51015,2025-11-12 11:20:55,1178,20,57TH,EB,STONY ISLAND,LAKE SHORE DR,0.37,E,,...,,,,,,,,,,
51016,2025-11-12 11:20:55,1182,20,BROADWAY,NB,HOLLYWOOD,DEVON,0.88,N,,...,,,,,,,,,,
51017,2025-11-12 11:20:55,1183,27,SHERIDAN,NB,DEVON,PRATT,0.52,N,,...,,,,,,,,,,
51018,2025-11-12 11:20:55,1188,23,CLARK,NB,ASHLAND,RIDGE,0.16,N,,...,,,,,,,,,,


### original dataset is 20GB and could not be uploaded to git so I downloaded the filtered dataframe

In [117]:
final_df.to_csv("final_dataset.csv", index=False)
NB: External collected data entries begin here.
(* Let $q(m,n)=am^2+bmn+cn^2$ with $a,b,c\in\mathbb{Z}$ be a binary quadratic form whose discriminant $\Delta(q)=b^2-4ac$ is a perfect square (including $0$, and including the zero form). Then for every $0<\lambda\le 1$ there exists a nonnegative $f\in\ell^1(\mathbb{Z})$ with $\|\mathcal{I}_\lambda f\|_{\ell^1(\mathbb{Z})}=\infty$, where $\mathcal{I}_{\lambda}f(n)=\sum_{m\in\mathbb{Z}\setminus\{0\}}\frac{f(q(m,n))}{|m|^{\lambda}}$.
   Context: Sums of nonnegative terms are allowed to equal $+\infty$. *)

theory Defs
  imports "HOL-Analysis.Analysis"
begin

definition qform :: "int \<Rightarrow> int \<Rightarrow> int \<Rightarrow> int \<Rightarrow> int \<Rightarrow> int" where
  "qform a b c m n = a * m^2 + b * m * n + c * n^2"

definition Iop :: "int \<Rightarrow> int \<Rightarrow> int \<Rightarrow> real \<Rightarrow> (int \<Rightarrow> real) \<Rightarrow> int \<Rightarrow> ennreal" where
  "Iop a b c lam f n = (\<Sum>\<^sub>\<infinity>m\<in>UNIV - {0}. ennreal (f (qform a b c m n) / \<bar>real_of_int m\<bar> powr lam))"

end

theory Submission
  imports Defs
begin

text \<open>Since the discriminant is a square, q factors into rational linear forms, so either q
  vanishes along a whole line t(m0, n0) with m0 \<noteq> 0, or q = a m^2.  In the first case let f be
  the point mass at 0: the values I f(t n0), or the single value I f(0) when n0 = 0, dominate the
  series of |t m0|^(-lam) over t \<noteq> 0, which diverges for lam \<le> 1.  In the second case let f be
  the point mass at a: then I f(n) \<ge> 1 for every n.\<close>

text \<open>The library fact \<open>summable_on_ennreal\<close> ends up stated for \<open>ennreal_of_enat \<circ> f\<close> only.\<close>

lemma summable_on_ennreal_valued [simp]: "(g :: 'a \<Rightarrow> ennreal) summable_on S"
  by (rule nonneg_summable_on_complete) simp

lemma le_infsum_ennreal:
  fixes g :: "'a \<Rightarrow> ennreal"
  assumes "x \<in> S"
  shows "g x \<le> infsum g S"
proof -
  have "infsum g {x} \<le> infsum g S"
    by (rule infsum_mono_neutral) (use assms in auto)
  then show ?thesis by simp
qed

lemma infsum_ennreal_eq_top_if_not_summable:
  fixes g :: "nat \<Rightarrow> real"
  assumes "\<And>n. 0 \<le> g n" and "\<not> summable g"
  shows "(\<Sum>\<^sub>\<infinity>n. ennreal (g n)) = \<infinity>"
proof -
  have "(\<lambda>n. ennreal (g n)) sums (\<Sum>\<^sub>\<infinity>n. ennreal (g n))"
    by (rule has_sum_imp_sums) (simp add: has_sum_infsum)
  then have "(\<Sum>\<^sub>\<infinity>n. ennreal (g n)) = (\<Sum>n. ennreal (g n))"
    by (simp add: sums_iff)
  with assms show ?thesis
    using summable_suminf_not_top by (metis infinity_ennreal_def)
qed

lemma infsum_inverse_powr_multiples_eq_top:
  fixes C :: int and lam :: real
  assumes "C \<noteq> 0" and "lam \<le> 1"
  shows "(\<Sum>\<^sub>\<infinity>t\<in>UNIV - {0::int}. ennreal (1 / \<bar>real_of_int (t * C)\<bar> powr lam)) = \<infinity>"
proof -
  define G where "G t = ennreal (1 / \<bar>real_of_int (t * C)\<bar> powr lam)" for t
  define g where "g n = \<bar>real_of_int C\<bar> powr -lam * real (Suc n) powr -lam" for n
  have G_g: "G (int (Suc n)) = ennreal (g n)" for n
    by (simp add: G_def g_def abs_mult powr_mult powr_minus divide_inverse
        del: of_nat_Suc)
  have "\<not> summable (\<lambda>n. real n powr -lam)"
    using assms(2) by (simp add: summable_real_powr_iff)
  then have "\<not> summable (\<lambda>n. real (Suc n) powr -lam)"
    by (subst summable_Suc_iff)
  then have "\<not> summable g"
    using assms(1) unfolding g_def by (simp del: of_nat_Suc)
  then have "(\<Sum>\<^sub>\<infinity>n. G (int (Suc n))) = \<infinity>"
    unfolding G_g by (rule infsum_ennreal_eq_top_if_not_summable[rotated]) (simp add: g_def)
  then have "\<infinity> = (\<Sum>\<^sub>\<infinity>n. G (int (Suc n)))"
    by (rule sym)
  also have "\<dots> = infsum G (range (\<lambda>n. int (Suc n)))"
    by (rule infsum_reindex[symmetric, unfolded comp_def]) (simp add: inj_on_def)
  also have "\<dots> \<le> infsum G (UNIV - {0})"
    by (rule infsum_mono_neutral) auto
  finally show ?thesis
    by (simp add: G_def[abs_def] top_unique)
qed

lemma summable_on_indicator_singleton: "(indicator {v} :: 'a \<Rightarrow> real) summable_on UNIV"
proof -
  have "(indicator {v} :: 'a \<Rightarrow> real) summable_on {v}" by simp
  moreover have "(indicator {v} :: 'a \<Rightarrow> real) summable_on UNIV \<longleftrightarrow> (indicator {v} :: 'a \<Rightarrow> real) summable_on {v}"
    by (rule summable_on_cong_neutral) (auto simp: indicator_def)
  ultimately show ?thesis by simp
qed

lemma qform_scale: "qform a b c (t * m) (t * n) = t\<^sup>2 * qform a b c m n"
  by (simp add: qform_def algebra_simps power2_eq_square)

lemma qform_isotropic_vector:
  assumes "b\<^sup>2 - 4 * a * c = k\<^sup>2" and "b \<noteq> 0 \<or> c \<noteq> 0"
  obtains m n where "m \<noteq> 0" and "qform a b c m n = 0"
proof (cases "a = 0")
  case True
  then show ?thesis
    using that[of 1 0] by (simp add: qform_def)
next
  case False
  \<comment> \<open>\<open>(k - b, 2a)\<close> is a zero by the quadratic formula; the sign of k can be chosen so that \<open>k \<noteq> b\<close>
    unless \<open>b = k = 0\<close>, which would force \<open>c = 0\<close>.\<close>
  obtain k' where k': "b\<^sup>2 - 4 * a * c = k'\<^sup>2" "k' \<noteq> b"
  proof (cases "k = b")
    case True
    with assms False have "b \<noteq> 0" by auto
    with True assms(1) that[of "-k"] show ?thesis by simp
  next
    case False
    with assms(1) that show ?thesis by blast
  qed
  have "qform a b c (k' - b) (2 * a) = a * (k'\<^sup>2 - (b\<^sup>2 - 4 * a * c))"
    by (simp add: qform_def algebra_simps power2_eq_square)
  with k' that[of "k' - b" "2 * a"] show ?thesis by simp
qed

lemma Iop_ge_term:
  assumes "m \<noteq> 0"
  shows "ennreal (f (qform a b c m n) / \<bar>real_of_int m\<bar> powr lam) \<le> Iop a b c lam f n"
  unfolding Iop_def by (rule le_infsum_ennreal) (use assms in simp)

lemma infsum_Iop_eq_top_of_isotropic:
  assumes "m0 \<noteq> 0" and "qform a b c m0 n0 = 0" and "lam \<le> 1"
  shows "(\<Sum>\<^sub>\<infinity>n. Iop a b c lam (indicator {0}) n) = \<infinity>"
proof -
  define F where "F = Iop a b c lam (indicator {0})"
  have term_ge: "ennreal (1 / \<bar>real_of_int (t * m0)\<bar> powr lam) \<le> F (t * n0)" if "t \<noteq> 0" for t
    using Iop_ge_term[of "t * m0" "indicator {0}" a b c "t * n0" lam] that assms(1,2)
    by (simp add: F_def qform_scale)
  have "\<infinity> = (\<Sum>\<^sub>\<infinity>t\<in>UNIV - {0::int}. ennreal (1 / \<bar>real_of_int (t * m0)\<bar> powr lam))"
    using infsum_inverse_powr_multiples_eq_top[OF assms(1,3)] by simp
  also have "\<dots> \<le> infsum F UNIV"
  proof (cases "n0 = 0")
    case True
    \<comment> \<open>here the whole divergent series is part of the single value \<open>F 0\<close>\<close>
    have "(\<Sum>\<^sub>\<infinity>t\<in>UNIV - {0::int}. ennreal (1 / \<bar>real_of_int (t * m0)\<bar> powr lam))
        \<le> (\<Sum>\<^sub>\<infinity>t\<in>UNIV - {0::int}. ennreal (indicator {0} (qform a b c (t * m0) 0)
              / \<bar>real_of_int (t * m0)\<bar> powr lam))"
      using qform_scale[of a b c _ m0 0] assms(2) True by simp
    also have "\<dots> = (\<Sum>\<^sub>\<infinity>m\<in>(\<lambda>t. t * m0) ` (UNIV - {0}).
                      ennreal (indicator {0} (qform a b c m 0) / \<bar>real_of_int m\<bar> powr lam))"
      by (rule infsum_reindex[symmetric, unfolded comp_def]) (use assms(1) in \<open>auto simp: inj_on_def\<close>)
    also have "\<dots> \<le> F 0"
      unfolding F_def Iop_def by (rule infsum_mono_neutral) (use assms(1) in auto)
    also have "\<dots> \<le> infsum F UNIV"
      by (rule le_infsum_ennreal) simp
    finally show ?thesis .
  next
    case False
    have "(\<Sum>\<^sub>\<infinity>t\<in>UNIV - {0::int}. ennreal (1 / \<bar>real_of_int (t * m0)\<bar> powr lam))
        \<le> (\<Sum>\<^sub>\<infinity>t\<in>UNIV - {0::int}. F (t * n0))"
      by (intro infsum_mono term_ge) auto
    also have "\<dots> = infsum F ((\<lambda>t. t * n0) ` (UNIV - {0}))"
      by (rule infsum_reindex[symmetric, unfolded comp_def]) (use False in \<open>auto simp: inj_on_def\<close>)
    also have "\<dots> \<le> infsum F UNIV"
      by (rule infsum_mono_neutral) auto
    finally show ?thesis .
  qed
  finally show ?thesis
    by (simp add: F_def top_unique)
qed

lemma infsum_Iop_eq_top_of_square: "(\<Sum>\<^sub>\<infinity>n. Iop a 0 0 lam (indicator {a}) n) = \<infinity>"
proof (rule infsum_superconst_infinite_ennreal[where b = 1])
  fix n :: int
  show "1 \<le> Iop a 0 0 lam (indicator {a}) n"
    using Iop_ge_term[of 1 "indicator {a}" a 0 0 n lam] by (simp add: qform_def)
qed auto

theorem mainTheorem5:
  fixes a b c :: int and lam :: real
  assumes disc_square: "\<exists>k::int. b^2 - 4*a*c = k^2"
    and lam: "0 < lam" "lam \<le> 1"
  shows "\<exists>f :: int \<Rightarrow> real. (\<forall>n. 0 \<le> f n) \<and> f summable_on UNIV \<and>
           (\<Sum>\<^sub>\<infinity>n\<in>UNIV. Iop a b c lam f n) = \<infinity>"
proof (cases "b = 0 \<and> c = 0")
  case True
  then have "(\<Sum>\<^sub>\<infinity>n. Iop a b c lam (indicator {a}) n) = \<infinity>"
    using infsum_Iop_eq_top_of_square by simp
  then show ?thesis
    by (intro exI[of _ "indicator {a}"]) (simp add: summable_on_indicator_singleton)
next
  case False
  then obtain m0 n0 where "m0 \<noteq> 0" "qform a b c m0 n0 = 0"
    using disc_square qform_isotropic_vector by metis
  then have "(\<Sum>\<^sub>\<infinity>n. Iop a b c lam (indicator {0}) n) = \<infinity>"
    using infsum_Iop_eq_top_of_isotropic lam(2) by blast
  then show ?thesis
    by (intro exI[of _ "indicator {0}"]) (simp add: summable_on_indicator_singleton)
qed

end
### Data Lifecycle Alignment
Our project follows the full data lifecycle described in the course. After collecting raw traffic, weather, and air quality data, we entered the Data Processing and Preparation phase. This is the intermediary step between data collection and data analysis, and it is responsible for transforming heterogeneous, messy datasets into a structured form that is ready for analytics.

In this phase, we performed:

- datatype standardization (converting object fields to numeric or string)
- timestamp parsing and normalization of DATE and HOUR
- removal of invalid or impossible values (e.g., negative AQI, unrealistic speeds)
- geospatial sanity checks on latitude and longitude
- string normalization (uppercase formatting, trimming whitespace)
- deduplication of segment-time records
- integration across the three datasets using consistent time-based keys

This processing layer is essential in the data lifecycle because analytics cannot begin until the data is clean, consistent, and integrated. Only after completing this stage can we move into descriptive analysis and exploratory work.